Pour Bernard Laporte, c'est pareil. Quand on est "tricard'' à la fédé de rugby, c’est compliqué de bien suivre des élections. Ce sont des choses qui dépendent de chaque rubrique.


Selon vous, quel est le rôle ou la place que doit avoir une fédération dans l'espace médiatique ? Qu’est-ce qu’elle doit raconter dans votre journal ?

RP : Elle doit nous expliquer comment elle valorise son sport. Comment d'un côté, elle fait en sorte d'avoir des champions et comment elle développe la pratique. Un peu à l’image de l’Agence nationale du sport, il y a la partie compétition sportive et la partie développement pour tous avec le sport amateur.


Après, concernant les actions et initiatives ou les compétitions qu’elles organisent, elles communiquent aussi. Mais, là, il s’agit surtout des grosses fédérations. Vous connaissez bien la hiérarchie des sports dans l'Équipe. C'est quand même la moitié du journal qui est consacrée au foot. C'est plus dur quand vous êtes la fédération de badminton, par exemple, d’avoir des sujets sauf pendant les compétitions internationales évidemment. Ce qui ne m'empêche pas d’appeler le Président du badminton parce qu'il a de bonnes idées et qu’il veut changer les choses.
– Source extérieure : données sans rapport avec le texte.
(* Consider the FedAvg round $t$ with coordinate-wise REED aggregation (defined in the context) with $M\ge1$ chips and deterministic weights $c_1,\dots,c_M\ge0$, $C_M=\sum_m c_m>0$, and let $\varepsilon^t=\widehat\Delta^t-\bar\Delta^t$. Then $$\mathbb{E}[\varepsilon^t\mid\mathcal{F}_t,\{\Delta_k^t\}_{k=1}^K]=0,\qquad\mathbb{E}[\varepsilon^t\mid\mathcal{F}_t]=0.$$ Moreover, if $\|g_{k,q}^t\|\le G$ almost surely for all $k,q$ (so that $\|\Delta_k^t\|\le\beta QG$), then $\mathbb{E}\|\varepsilon^t\|^2\le\sigma_{\mathrm{air}}^2$, where for $M=1$, $c_1=1$ one may take $$\sigma_{\mathrm{air}}^2=(\beta QG)^2+\frac{2\sigma_z^2\sqrt d}{\eta}(\beta QG)+\frac{2d\sigma_z^4}{\eta^2},$$ and for general $M$ and weights $\{c_m\}$ one may take $$\sigma_{\mathrm{air}}^2=\frac{\sum_{m=1}^Mc_m^2}{C_M^2}(\beta QG)^2+\frac{2\sigma_z^2\sqrt d}{\eta C_M}(\beta QG)+\frac{2dM\sigma_z^4}{\eta^2C_M^2}.$$
   Context: FedAvg setup: $K$ clients, model dimension $d$; at round $t$ the server holds $w^t\in\mathbb{R}^d$, each client sets $w_{k,0}^t=w^t$ and runs $w_{k,q+1}^t=w_{k,q}^t-\beta g_{k,q}^t$, $q=0,\dots,Q-1$, with stepsize $\beta>0$ and stochastic gradients $g_{k,q}^t$. Local increment $\Delta_k^t=w_{k,Q}^t-w^t=-\beta\sum_q g_{k,q}^t$; ideal aggregate $\bar\Delta^t=\frac1K\sum_k\Delta_k^t$. $\mathcal{F}_t$ is the sigma-field generated by the global model and all randomness up to the beginning of round $t$. Coordinate-wise REED aggregation: fix $\eta>0$, $\sigma_z^2>0$, $\mu_1,\dots,\mu_K>0$. For each coordinate $j=1,\dots,d$ set $u_{k,j}^t=\frac1K[\Delta_k^t]_j$ and $[x]_+=\max\{x,0\}$, $[x]_-=\max\{-x,0\}$. On chip $m$ and branch $\pm$, client $k$ transmits $a_{k,j,m,\pm}^t=\frac{\sqrt{\eta c_m[u_{k,j}^t]_\pm}}{\mu_k}e^{\mathrm{i}\phi_{k,j,m,\pm}^t}$; the receiver observes $y_{j,m,\pm}^t=\sum_{k=1}^K h_{k,j,m,\pm}^t a_{k,j,m,\pm}^t+z_{j,m,\pm}^t$ and sets $[\widehat\Delta^t]_j=\frac{1}{\eta C_M}\sum_{m=1}^M(|y_{j,m,+}^t|^2-|y_{j,m,-}^t|^2)$. Here $h_{k,j,m,\pm}^t\sim\mathcal{CN}(0,\mu_k^2)$, $z_{j,m,\pm}^t\sim\mathcal{CN}(0,\sigma_z^2)$, $\phi_{k,j,m,\pm}^t\sim\mathrm{Unif}[0,2\pi)$ are mutually independent across all indices and independent of $\mathcal{F}_t$ and of the local increments $\{\Delta_k^t\}$. $\mathcal{CN}(0,\nu)$ is the circularly symmetric complex Gaussian with variance $\nu$. *)

theory Defs
  imports "HOL-Probability.Probability"
begin

text \<open>Positive and negative parts: [x]_+ = max x 0, [x]_- = max (-x) 0.
  Branch '+' is encoded by True, branch '-' by False.\<close>

definition ppart :: "real \<Rightarrow> real" where "ppart x = max x 0"
definition npart :: "real \<Rightarrow> real" where "npart x = max (- x) 0"

definition branch_part :: "bool \<Rightarrow> real \<Rightarrow> real" where
  "branch_part b x = (if b then ppart x else npart x)"

definition cgauss_density :: "real \<Rightarrow> complex \<Rightarrow> real" where
  "cgauss_density nu w = exp (- (cmod w)\<^sup>2 / nu) / (pi * nu)"

definition is_CN :: "'a measure \<Rightarrow> real \<Rightarrow> ('a \<Rightarrow> complex) \<Rightarrow> bool" where
  "is_CN M nu X \<longleftrightarrow> distributed M lborel X (\<lambda>w. ennreal (cgauss_density nu w))"

definition is_unif_phase :: "'a measure \<Rightarrow> ('a \<Rightarrow> real) \<Rightarrow> bool" where
  "is_unif_phase M X \<longleftrightarrow>
     distributed M lborel X (\<lambda>x. ennreal (indicator {0..<2*pi} x / (2*pi)))"

text \<open>Local increment Delta_k = w_{k,Q} - w = - beta * sum_{q<Q} g_{k,q}.\<close>
definition local_incr :: "real \<Rightarrow> nat \<Rightarrow> (nat \<Rightarrow> nat \<Rightarrow> 'a \<Rightarrow> real^'d) \<Rightarrow> nat \<Rightarrow> 'a \<Rightarrow> real^'d" where
  "local_incr \<beta> Q g k \<omega> = - \<beta> *\<^sub>R (\<Sum>q<Q. g k q \<omega>)"

definition ideal_agg :: "nat \<Rightarrow> (nat \<Rightarrow> 'a \<Rightarrow> real^'d) \<Rightarrow> 'a \<Rightarrow> real^'d" where
  "ideal_agg K \<Delta> \<omega> = (1 / real K) *\<^sub>R (\<Sum>k<K. \<Delta> k \<omega>)"

definition reed_tx ::
  "real \<Rightarrow> (nat \<Rightarrow> real) \<Rightarrow> (nat \<Rightarrow> real) \<Rightarrow> nat \<Rightarrow> (nat \<Rightarrow> 'a \<Rightarrow> real^'d)
   \<Rightarrow> (nat \<Rightarrow> 'd \<Rightarrow> nat \<Rightarrow> bool \<Rightarrow> 'a \<Rightarrow> real)
   \<Rightarrow> nat \<Rightarrow> 'd \<Rightarrow> nat \<Rightarrow> bool \<Rightarrow> 'a \<Rightarrow> complex" where
  "reed_tx \<eta> c \<mu> K \<Delta> \<phi> k j m b \<omega> =
     complex_of_real (sqrt (\<eta> * c m * branch_part b ((1 / real K) * (\<Delta> k \<omega> $ j))) / \<mu> k)
       * cis (\<phi> k j m b \<omega>)"

definition reed_rx ::
  "real \<Rightarrow> (nat \<Rightarrow> real) \<Rightarrow> (nat \<Rightarrow> real) \<Rightarrow> nat \<Rightarrow> (nat \<Rightarrow> 'a \<Rightarrow> real^'d)
   \<Rightarrow> (nat \<Rightarrow> 'd \<Rightarrow> nat \<Rightarrow> bool \<Rightarrow> 'a \<Rightarrow> complex)
   \<Rightarrow> ('d \<Rightarrow> nat \<Rightarrow> bool \<Rightarrow> 'a \<Rightarrow> complex)
   \<Rightarrow> (nat \<Rightarrow> 'd \<Rightarrow> nat \<Rightarrow> bool \<Rightarrow> 'a \<Rightarrow> real)
   \<Rightarrow> 'd \<Rightarrow> nat \<Rightarrow> bool \<Rightarrow> 'a \<Rightarrow> complex" where
  "reed_rx \<eta> c \<mu> K \<Delta> h z \<phi> j m b \<omega> =
     (\<Sum>k<K. h k j m b \<omega> * reed_tx \<eta> c \<mu> K \<Delta> \<phi> k j m b \<omega>) + z j m b \<omega>"

definition reed_est ::
  "real \<Rightarrow> nat \<Rightarrow> (nat \<Rightarrow> real) \<Rightarrow> (nat \<Rightarrow> real) \<Rightarrow> nat \<Rightarrow> (nat \<Rightarrow> 'a \<Rightarrow> real^'d)
   \<Rightarrow> (nat \<Rightarrow> 'd \<Rightarrow> nat \<Rightarrow> bool \<Rightarrow> 'a \<Rightarrow> complex)
   \<Rightarrow> ('d \<Rightarrow> nat \<Rightarrow> bool \<Rightarrow> 'a \<Rightarrow> complex)
   \<Rightarrow> (nat \<Rightarrow> 'd \<Rightarrow> nat \<Rightarrow> bool \<Rightarrow> 'a \<Rightarrow> real)
   \<Rightarrow> 'a \<Rightarrow> real^'d" where
  "reed_est \<eta> M c \<mu> K \<Delta> h z \<phi> \<omega> =
     (\<chi> j. (1 / (\<eta> * (\<Sum>m<M. c m))) *
        (\<Sum>m<M. (cmod (reed_rx \<eta> c \<mu> K \<Delta> h z \<phi> j m True \<omega>))\<^sup>2
                - (cmod (reed_rx \<eta> c \<mu> K \<Delta> h z \<phi> j m False \<omega>))\<^sup>2))"

datatype 'd noise_idx = Hidx nat 'd nat bool | Zidx 'd nat bool | Phidx nat 'd nat bool

definition noise_idx_set :: "nat \<Rightarrow> nat \<Rightarrow> 'd noise_idx set" where
  "noise_idx_set K M =
     {Hidx k j m b | k j m b. k < K \<and> m < M} \<union> {Zidx j m b | j m b. m < M}
     \<union> {Phidx k j m b | k j m b. k < K \<and> m < M}"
Capture d'écran instagram paris2024

Justement, comment voyez vous l'avenir de votre travail et de vos relations avec cette nouvelle génération de présidents ? Auparavant, les présidents étaient présents dans leur organisation depuis plusieurs décennies. Aujourd'hui, c'est une nouvelle génération composée de personnes qui ont eu une première vie dans le milieu sportif et qui ont réussi leur vie d'entrepreneur après, pour finalement revenir à leurs premières amours. Ça va changer les choses en termes de communication selon vous ?
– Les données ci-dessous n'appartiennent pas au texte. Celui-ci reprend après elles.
lemma affine_nonneg_Icc:
  fixes p q a b x :: real
  assumes "0 \<le> p * a + q" "0 \<le> p * b + q" and "x \<in> {a..b}"
  shows "0 \<le> p * x + q"
proof (rule concave_on_nonneg_Icc[where f = "\<lambda>y. p * y + q", OF _ assms])
  show "concave_on {a..b} (\<lambda>y. p * y + q)"
    by (rule concave_on_of_antimono_deriv[where f' = "\<lambda>_. p"])
       (auto intro!: derivative_eq_intros monotone_onI)
qed

lemma affine_le_of_concave_then_convex:
  fixes v v' w :: "real \<Rightarrow> real"
  assumes deriv: "\<And>x. x \<in> {a..c} \<Longrightarrow> (v has_real_derivative v' x) (at x)"
    and concave: "antimono_on {a..b} v'" and convex: "mono_on {b..c} v'"
    and b: "b \<in> {a..c}"
    and w: "\<And>x. x \<in> {a..c} \<Longrightarrow> w x = p * x + q"
    and wa: "w a \<le> v a" and wc: "w c \<le> v b + (c - b) * v' b"
    and x: "x \<in> {a..c}"
  shows "w x \<le> v x"
proof -
  define T where "T y = v b + (y - b) * v' b" for y
  have va_le_T: "v a \<le> T a"
    unfolding T_def using b deriv
    by (intro below_tangent_of_antimono_deriv[OF _ concave]) auto
  have w_le_T: "w y \<le> T y" if y: "y \<in> {a..c}" for y
  proof -
    have "0 \<le> (v' b - p) * y + (v b - b * v' b - q)"
    proof (rule affine_nonneg_Icc[OF _ _ y])
      have "(v' b - p) * a + (v b - b * v' b - q) = T a - (p * a + q)"
        by (simp add: T_def algebra_simps)
      with wa va_le_T w[of a] b show "0 \<le> (v' b - p) * a + (v b - b * v' b - q)"
        by auto
      have "(v' b - p) * c + (v b - b * v' b - q) = T c - (p * c + q)"
        by (simp add: T_def algebra_simps)
      with wc w[of c] b show "0 \<le> (v' b - p) * c + (v b - b * v' b - q)"
        by (auto simp: T_def)
    qed
    with w[OF y] show ?thesis by (simp add: T_def algebra_simps)
  qed
  consider "x \<in> {b..c}" | "x \<in> {a..b}" using x b by fastforce
  then show ?thesis
  proof cases
    case 1
    then have "T x \<le> v x"
      unfolding T_def using b deriv
      by (intro above_tangent_of_mono_deriv[OF _ convex]) auto
    with w_le_T[OF x] show ?thesis by linarith
  next
    case 2
    have "concave_on {a..b} (\<lambda>y. v y - (p * y + q))"
    proof (rule concave_on_of_antimono_deriv)
      show "((\<lambda>y. v y - (p * y + q)) has_real_derivative v' y - p) (at y)"
        if "y \<in> {a..b}" for y
        using that b by (auto intro!: derivative_eq_intros deriv)
      show "antimono_on {a..b} (\<lambda>y. v' y - p)"
        using monotone_onD[OF concave] by (intro monotone_onI) auto
    qed
    moreover have "w b \<le> v b" using w_le_T[OF b] by (simp add: T_def)
    moreover have "w a = p * a + q" "w b = p * b + q" using w b by auto
    ultimately have "0 \<le> v x - (p * x + q)"
      using wa by (intro concave_on_nonneg_Icc[where f = "\<lambda>y. v y - (p * y + q)", OF _ _ _ 2])
        simp_all
    with w[OF x] show ?thesis by simp
  qed
qed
RP : “C'est un peu difficile à dire ! En tout cas, dans la façon de gérer les fédérations, je vois que déjà ça bouge. C'est un peu moins “à la papa”, plus ouvert et nous allons peut-être avoir plus d’infos, mais je ne suis pas en relation avec toutes les fédérations. Elles ont toutes plus ou moins un service de communication, ou certaines travaillent avec des agences. Cette volonté d'ouverture, je pense que ça peut aider dans la façon d’envisager les relations. Ne serait-ce que de se rencontrer plus souvent et surtout de ne pas cacher la poussière sous le tapis. Ce qui, tout de même, était un peu la tendance avant !”
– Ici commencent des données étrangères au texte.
lemma has_integral_weighted_taylor:
  fixes g :: "real \<Rightarrow> complex"
  assumes smooth: "\<And>j x. hderiv j g differentiable (at x)" and a: "0 < Re a"
  shows "((\<lambda>l. g (l * h) * of_real l powr (a - 1)) has_integral
             (\<Sum>j<Suc k. of_real (h ^ j) / (of_nat (fact j) * (of_nat j + a)) * hderiv j g 0)
           + of_real (h ^ Suc k) *
             integral {0..1} (\<lambda>u. hderiv (Suc k) g (h * u) * taylor_kernel a k u)) {0..1}"
proof (induction k)
  case 0
  have "a \<noteq> 0"
    using a by auto
  moreover have "continuous_on {0..1} (\<lambda>u. g (h * u))"
    using continuous_on_hderiv_scaled[OF smooth, of _ 0] by simp
  ultimately have "((\<lambda>u. g (h * u) * of_real u powr (a - 1)) has_integral
           g (h * 0) * taylor_kernel a 0 0
         + integral {0..1} (\<lambda>u. of_real h * hderiv (Suc 0) g (h * u) * taylor_kernel a 0 u)) {0..1}"
    using has_vector_derivative_hderiv_scaled[OF smooth, of 0]
    by (intro has_integral_by_parts_01 continuous_on_taylor_kernel
          taylor_kernel_0_has_vector_derivative integrable_continuous_real continuous_intros
          continuous_on_hderiv_scaled smooth a)
       (simp_all add: scaleR_conv_of_real)
  then show ?case
    by (simp add: mult.commute mult.left_commute)
next
  case (Suc k)
  then show ?case
    unfolding taylor_remainder_recurrence[OF smooth a, of k h]
    by (simp add: algebra_simps del: of_nat_Suc fact_Suc)
qed

definition beta_tail :: "complex \<Rightarrow> nat \<Rightarrow> real \<Rightarrow> complex" where
  "beta_tail a k u = integral {u..1} (\<lambda>t. of_real t powr (- a - of_nat (Suc k)) * of_real ((1 - t) ^ k))"

lemma continuous_on_beta_tail_integrand:
  assumes "0 < u"
  shows "continuous_on {u..v} (\<lambda>t. of_real t powr (- a - of_nat (Suc k)) * of_real ((1 - t) ^ k) :: complex)"
  using assms by (intro continuous_intros continuous_on_of_real_powr) auto

lemma has_integral_beta_tail:
  assumes "0 < u"
  shows "((\<lambda>t. of_real t powr (- a - of_nat (Suc k)) * of_real ((1 - t) ^ k)) has_integral beta_tail a k u)
           {u..1}"
  unfolding beta_tail_def
  by (intro integrable_integral integrable_continuous_real continuous_on_beta_tail_integrand assms)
Paris 2024, c’est demain, je sais que vous vous y préparez. Alors, quelles sont les prochaines grandes échéances ?

RP : “Les échéances vont être celles du "cojo", par exemple le J-1000. Après, il y aura le lancement de la billetterie et ça, c’est gros comme enjeu. Il y aussi celles fixées avec le CIO, notamment avec le CNOSF ou encore la livraison des premiers équipements, un énorme sujet, et plus fun, la révélation de la mascotte. Je m’en réjouis d’avance. Les JO, c’est vraiment l’événement ultime pour le sport et nous serons prêts.”